Evaluasi Tingkat Komponen Dalam Negeri (TKDN) pada Pekerjaan Elektrikal Proyek Konstruksi Bangunan Gedung Pemerintah: Studi Kasus delapan Proyek Dohim, Mas’ud; Herwindiati, Dyah Erny; Sari, Endah Murtiana
Kompak :Jurnal Ilmiah Komputerisasi Akuntansi Vol. 18 No. 2 (2025): Kompak : Jurnal Ilmiah Komputerisasi Akuntansi
Publisher : Universitas Sains dan Teknologi Komputer

Show Abstract | Download Original | Original Source | Check in Google Scholar | DOI: 10.51903/kompak.v18i2.3357

Abstract

Penelitian ini bertujuan untuk mengevaluasi implementasi Tingkat Komponen Dalam Negeri (TKDN) pada pekerjaan elektrikal proyek konstruksi bangunan gedung pemerintah di Indonesia.

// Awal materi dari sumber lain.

lemma frob_norm_scaleR_mat_1: "frob_norm (c *\<^sub>R mat 1 :: real^'p^'p) = \<bar>c\<bar> * sqrt CARD('p)"
proof -
  have "((c *\<^sub>R mat 1 :: real^'p^'p) $ a $ b)\<^sup>2 = (if a = b then c\<^sup>2 else 0)" for a b
    by (simp add: mat_def)
  then have "(\<Sum>a\<in>UNIV. \<Sum>b\<in>UNIV. ((c *\<^sub>R mat 1 :: real^'p^'p) $ a $ b)\<^sup>2) = c\<^sup>2 * CARD('p)"
    by simp
  then show ?thesis
    by (simp add: frob_norm_def real_sqrt_mult)
qed

lemma power2_norm_axis_minus_scaleR:
  fixes u :: "real^'p"
  shows "(norm (axis c 1 - t *\<^sub>R u))\<^sup>2 = 1 - 2 * t * u $ c + t\<^sup>2 * (norm u)\<^sup>2"
  unfolding power2_norm_eq_inner
  by (simp add: inner_diff_left inner_diff_right inner_axis inner_axis' power2_eq_square
      algebra_simps)

lemma trace_empirical_fisher:
  fixes g :: "'n::finite \<Rightarrow> real^'p"
  shows "trace (empirical_fisher g) = (\<Sum>j\<in>UNIV. (norm (g j))\<^sup>2) / CARD('n)"
  unfolding trace_def empirical_fisher_def outer_def power2_norm_vec_eq_sum
  by (simp add: sum_component sum_divide_distrib power2_eq_square) (rule sum.swap)

lemma mean_le_of_sum_squares_le:
  fixes s :: "'j \<Rightarrow> real"
  assumes "finite J" "J \<noteq> {}" "\<eta> > 0"
    and "\<eta> * (\<Sum>j\<in>J. (s j)\<^sup>2) \<le> 2 * (\<Sum>j\<in>J. s j)"
  shows "(\<Sum>j\<in>J. s j) / card J \<le> 2 / \<eta>"
proof (cases "(\<Sum>j\<in>J. s j) > 0")
  case True
  have "\<eta> * (\<Sum>j\<in>J. s j)\<^sup>2 \<le> \<eta> * ((\<Sum>j\<in>J. (s j)\<^sup>2) * card J)"
    using assms(3) by (simp add: sum_squared_le_sum_of_squares)
  also have "\<dots> \<le> 2 * (\<Sum>j\<in>J. s j) * card J"
    using assms(4) by (simp add: mult.assoc[symmetric] mult_right_mono)
  finally have "\<eta> * (\<Sum>j\<in>J. s j) \<le> 2 * card J"
    using True by (simp add: power2_eq_square algebra_simps)
  moreover have "card J > 0"
    using assms by (simp add: card_gt_0_iff)
  ultimately show ?thesis
    using assms(3) by (simp add: field_simps)
next
  case False
  then have "(\<Sum>j\<in>J. s j) / card J \<le> 0"
    by (simp add: divide_nonpos_nonneg)
  also have "0 \<le> 2 / \<eta>"
    using assms(3) by simp
  finally show ?thesis .
qed
locale alternating_involutions =
  fixes N :: "'a set" and ori :: "'a \<Rightarrow> bool" and s t :: "'a \<Rightarrow> 'a"
  assumes s_in: "x \<in> N \<Longrightarrow> s x \<in> N" and s_s: "x \<in> N \<Longrightarrow> s (s x) = x"
    and s_flip: "x \<in> N \<Longrightarrow> ori (s x) \<noteq> ori x"
    and t_in: "x \<in> N \<Longrightarrow> t x \<in> N" and t_t: "x \<in> N \<Longrightarrow> t (t x) = x"
    and t_flip: "x \<in> N \<Longrightarrow> ori (t x) \<noteq> ori x"
begin

lemma ori_s: "x \<in> N \<Longrightarrow> ori (s x) \<longleftrightarrow> \<not> ori x" and ori_t: "x \<in> N \<Longrightarrow> ori (t x) \<longleftrightarrow> \<not> ori x"
  using s_flip t_flip by blast+

lemma alternating_perm_permutes: "alternating_perm N ori s t permutes N"
proof (rule bij_imp_permutes)
  let ?p = "alternating_perm N ori s t" and ?p' = "alternating_perm N (\<lambda>x. \<not> ori x) s t"
  have "?p x \<in> N \<and> ?p' (?p x) = x \<and> ?p' x \<in> N \<and> ?p (?p' x) = x" if "x \<in> N" for x
    using that by (cases "ori x") (simp_all add: alternating_perm_def s_in s_s ori_s t_in t_t ori_t)
  then show "bij_betw ?p N N"
    by (intro bij_betw_byWitness[where f' = ?p']) auto
qed (simp add: alternating_perm_def)

lemma permutation_alternating_perm:
  assumes "finite N" shows "permutation (alternating_perm N ori s t)"
  using assms alternating_perm_permutes by (rule permutes_imp_permutation)
(* Let $\varepsilon>0$ and $\delta\in(0,1)$. Define \[ n_1 = 1+\left\lfloor\frac{1}{\varepsilon}\ln\left(\frac{e^{\varepsilon}+2\delta-1}{(e^{\varepsilon}+1)\delta}\right)\right\rfloor, \] define $\pi_{\mathrm{opt}}(n)=\frac{e^{n\varepsilon}-1}{e^{\varepsilon}-1}\cdot\delta$ for integers $0\le n\le n_1$, and \[ n_2 = n_1 + \left\lfloor\frac{1}{\varepsilon}\ln\left(1+\frac{e^{\varepsilon}-1}{\delta}\left(1-\pi_{\mathrm{opt}}(n_1)\right)\right)\right\rfloor . \] For integers $n$ with $n_1<n\le n_2$, writing $m=n-n_1$, define \[ \pi_{\mathrm{opt}}(n)=\left(1-e^{-m\varepsilon}\right)\left(1+\frac{\delta}{e^{\varepsilon}-1}\right)+e^{-m\varepsilon}\pi_{\mathrm{opt}}(n_1), \] and define $\pi_{\mathrm{opt}}(n)=1$ for $n>n_2$. Then $\pi_{\mathrm{opt}}$ is an optimal partition selection primitive for $(\varepsilon,\delta)$-differential privacy.
   Context: $\mathbb{N}=\{0,1,2,\dots\}$. A partition selection primitive is a function $\pi:\mathbb{N}\to[0,1]$ with $\pi(0)=0$; it is interpreted as: count the number $n$ of users in a partition and release (keep) the partition with probability $\pi(n)$, drop it otherwise. Let $\rho_\pi(n)$ be the random variable in $\{\mathrm{drop},\mathrm{keep}\}$ equal to keep with probability $\pi(n)$ and drop with probability $1-\pi(n)$. The primitive $\pi$ is $(\varepsilon,\delta)$-differentially private if for all $n,n'\in\mathbb{N}$ with $|n-n'|=1$ (adding or removing one user) and all $S\subseteq\{\mathrm{drop},\mathrm{keep}\}$, $\Pr[\rho_\pi(n)\in S]\le e^{\varepsilon}\Pr[\rho_\pi(n')\in S]+\delta$. A primitive $\pi_{\mathrm{opt}}$ is optimal for $(\varepsilon,\delta)$-DP if it is $(\varepsilon,\delta)$-differentially private and for every $(\varepsilon,\delta)$-differentially private partition selection primitive $\pi$ and every $n\in\mathbb{N}$, $\pi(n)\le\pi_{\mathrm{opt}}(n)$. *)

theory Defs
  imports Complex_Main
begin

datatype outcome = Drop | Keep
lemma poly_fun_growth:
  fixes g :: "real^'n::finite \<Rightarrow> real"
  assumes "g \<in> poly_fun"
  shows "\<exists>C N. C \<ge> 0 \<and> (\<forall>z. \<bar>g z\<bar> \<le> C * (1 + norm z) ^ N)"
  using assms
proof (induction rule: poly_fun.induct)
  case (const c)
  then show ?case by (intro exI[of _ "\<bar>c\<bar>"] exI[of _ 0]) simp
next
  case (coord i)
  have "\<bar>z $ i\<bar> \<le> 1 * (1 + norm z) ^ 1" for z :: "real^'n"
    using component_le_norm_cart[of z i] by simp
  then show ?case by (intro exI[of _ "1::real"] exI[of _ "1::nat"]) simp
next
  case (add f g)
  then obtain C1 N1 C2 N2 where 1: "C1 \<ge> 0" "\<forall>z. \<bar>f z\<bar> \<le> C1 * (1 + norm z) ^ N1"
    and 2: "C2 \<ge> 0" "\<forall>z. \<bar>g z\<bar> \<le> C2 * (1 + norm z) ^ N2" by blast
  have "\<bar>f z + g z\<bar> \<le> (C1 + C2) * (1 + norm z) ^ max N1 N2" for z :: "real^'n"
  proof -
    have "\<bar>f z + g z\<bar> \<le> C1 * (1 + norm z) ^ N1 + C2 * (1 + norm z) ^ N2"
      using 1(2) 2(2) abs_triangle_ineq[of "f z" "g z"] by (meson add_mono order_trans)
    also have "\<dots> \<le> C1 * (1 + norm z) ^ max N1 N2 + C2 * (1 + norm z) ^ max N1 N2"
      using 1(1) 2(1) by (intro add_mono mult_left_mono power_increasing) auto
    finally show ?thesis by (simp add: algebra_simps)
  qed
  then show ?case using 1 2 by (intro exI[of _ "C1 + C2"] exI[of _ "max N1 N2"]) auto
next
  case (mult f g)
  then obtain C1 N1 C2 N2 where 1: "C1 \<ge> 0" "\<forall>z. \<bar>f z\<bar> \<le> C1 * (1 + norm z) ^ N1"
    and 2: "C2 \<ge> 0" "\<forall>z. \<bar>g z\<bar> \<le> C2 * (1 + norm z) ^ N2" by blast
  have "\<bar>f z * g z\<bar> \<le> (C1 * C2) * (1 + norm z) ^ (N1 + N2)" for z :: "real^'n"
  proof -
    have "\<bar>f z\<bar> * \<bar>g z\<bar> \<le> (C1 * (1 + norm z) ^ N1) * (C2 * (1 + norm z) ^ N2)"
      using 1 2 by (intro mult_mono) auto
    then show ?thesis by (simp add: abs_mult power_add algebra_simps)
  qed
  then show ?case using 1 2 by (intro exI[of _ "C1 * C2"] exI[of _ "N1 + N2"]) auto
qed

lemma weight_bound_poly_growth:
  fixes f :: "'a::real_normed_vector \<Rightarrow> real"
  assumes f: "\<And>x. 0 < f x" "\<And>x. f x \<le> E * (1 + norm x)" and C: "C \<ge> 0"
  shows "poly_growth (\<lambda>x. C * weight_bound d m (f x))"
  unfolding poly_growth_def
proof (intro exI allI)
  fix x :: 'a
  have E: "E \<ge> 0" using f[of 0] by simp
  have "(8 * f x) ^ m \<le> (8 * (E * (1 + norm x))) ^ m"
    using f[of x] by (intro power_mono) auto
  then have "(8 * f x) ^ m \<le> (8 * E) ^ m * (1 + norm x) ^ m" by (simp add: power_mult_distrib)
  moreover have "1 \<le> (1 + norm x) ^ m" by simp
  ultimately have "weight_bound d m (f x) \<le> 2 ^ m * (2 * (1 + norm x) ^ m + fact m * ((8 * E) ^ m * (1 + norm x) ^ m) * 2 ^ d)"
    unfolding weight_bound_def by (intro mult_left_mono add_mono mult_right_mono) auto
  also have "\<dots> = 2 ^ m * (2 + fact m * (8 * E) ^ m * 2 ^ d) * (1 + norm x) ^ m"
    by (simp add: algebra_simps)
  finally have "weight_bound d m (f x) \<le> 2 ^ m * (2 + fact m * (8 * E) ^ m * 2 ^ d) * (1 + norm x) ^ m" .
  moreover have "weight_bound d m (f x) \<ge> 0" using f[of x] by (simp add: weight_bound_def)
  ultimately show "\<bar>C * weight_bound d m (f x)\<bar> \<le> (C * (2 ^ m * (2 + fact m * (8 * E) ^ m * 2 ^ d))) * (1 + norm x) ^ m"
    using C by (simp add: abs_mult mult.assoc mult_left_mono)
qed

Metode yang digunakan adalah pendekatan kuantitatif deskriptif–evaluatif melalui studi kasus pada delapan lokasi proyek pemerintah. Evaluasi dilakukan terhadap capaian TKDN pada pekerjaan MVMDP, LVMDP, pemasangan kabel, pencahayaan, genset, trafo distribusi, dan biaya transportasi berdasarkan dokumen kontrak dan ketentuan regulasi yang berlaku. Hasil penelitian menunjukkan bahwa capaian TKDN antar proyek sangat bervariasi, dengan kecenderungan nilai TKDN rendah pada komponen berteknologi tinggi dan proyek di luar Pulau Jawa. Temuan ini mengindikasikan bahwa keterbatasan material lokal dan ketimpangan distribusi industri menjadi tantangan utama dalam implementasi TKDN. Penelitian ini memberikan kontribusi empiris dalam mengevaluasi kebijakan TKDN pada pekerjaan elektrikal serta menjadi dasar rekomendasi kebijakan peningkatan TKDN yang lebih terarah.